WHAT THE EXERCISE ASKS:
The answer must be every line of the records below that contains the word "Near".

┌─ DATA UNDER STUDY

definition exp_projection :: "(complex \<Rightarrow> complex) \<Rightarrow> (complex \<Rightarrow> complex) \<Rightarrow> bool" where
  "exp_projection f g \<longleftrightarrow> (\<forall>z. \<not> is_pole f z \<longrightarrow> g (exp1 z) = exp1 (f z))"

text \<open>Finite essential singularities of g (the part of E(g) in the complex plane):
  points in no neighbourhood of which g is meromorphic.\<close>
definition ess_sings_finite :: "(complex \<Rightarrow> complex) \<Rightarrow> complex set" where
  "ess_sings_finite g = {w. \<not> g meromorphic_on {w}}"

end

theory Submission
  imports Defs
begin

text \<open>Near a pole \<open>z\<^sub>0\<close> of \<open>f\<close>, the function \<open>1/f\<close> is an open map vanishing at \<open>z\<^sub>0\<close>,
  so \<open>f\<close> takes every value \<open>t + n\<close> with \<open>n\<close> large, and \<open>exp\<^sub>1 \<circ> f\<close> takes every nonzero value,
  in particular \<open>1\<close> and \<open>-1\<close>, in every punctured neighbourhood of \<open>z\<^sub>0\<close>. As \<open>exp\<^sub>1\<close> is locally
  injective and \<open>g \<circ> exp\<^sub>1 = exp\<^sub>1 \<circ> f\<close>, the function \<open>g\<close> then has neither a limit nor a pole at
  \<open>exp\<^sub>1 z\<^sub>0\<close>. Near the image of a non-pole, \<open>g = exp\<^sub>1 \<circ> f \<circ> L\<close> for a local branch \<open>L\<close> of the
  inverse of \<open>exp\<^sub>1\<close>, so \<open>g\<close> is holomorphic there. Finally \<open>exp\<^sub>1 \<circ> f\<close> is 1-periodic off the
  poles; if \<open>z\<^sub>0 + 1\<close> were not a pole, \<open>exp\<^sub>1 (f (z + 1))\<close> would be continuous at \<open>z\<^sub>0\<close> yet take
  both values \<open>1\<close> and \<open>-1\<close> arbitrarily close to it. Hence the poles are invariant under
  \<open>z \<mapsto> z + 1\<close>.\<close>

lemma exp1_add_of_int: "exp1 (z + of_int n) = exp1 z"
proof -
  have "exp1 (z + of_int n) = exp1 z * exp ((2 * of_int n * pi) * \<i>)"
    unfolding exp1_def by (simp add: algebra_simps flip: exp_add)
  also have "exp ((2 * of_int n * pi) * \<i>) = 1"
    by (rule exp_integer_2pi) simp
  finally show ?thesis by simp
qed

└─

RESULT:
text \<open>Near a pole \<open>z\<^sub>0\<close> of \<open>f\<close>, the function \<open>1/f\<close> is an open map vanishing at \<open>z\<^sub>0\<close>,
  \<open>exp\<^sub>1 z\<^sub>0\<close>. Near the image of a non-pole, \<open>g = exp\<^sub>1 \<circ> f \<circ> L\<close> for a local branch \<open>L\<close> of the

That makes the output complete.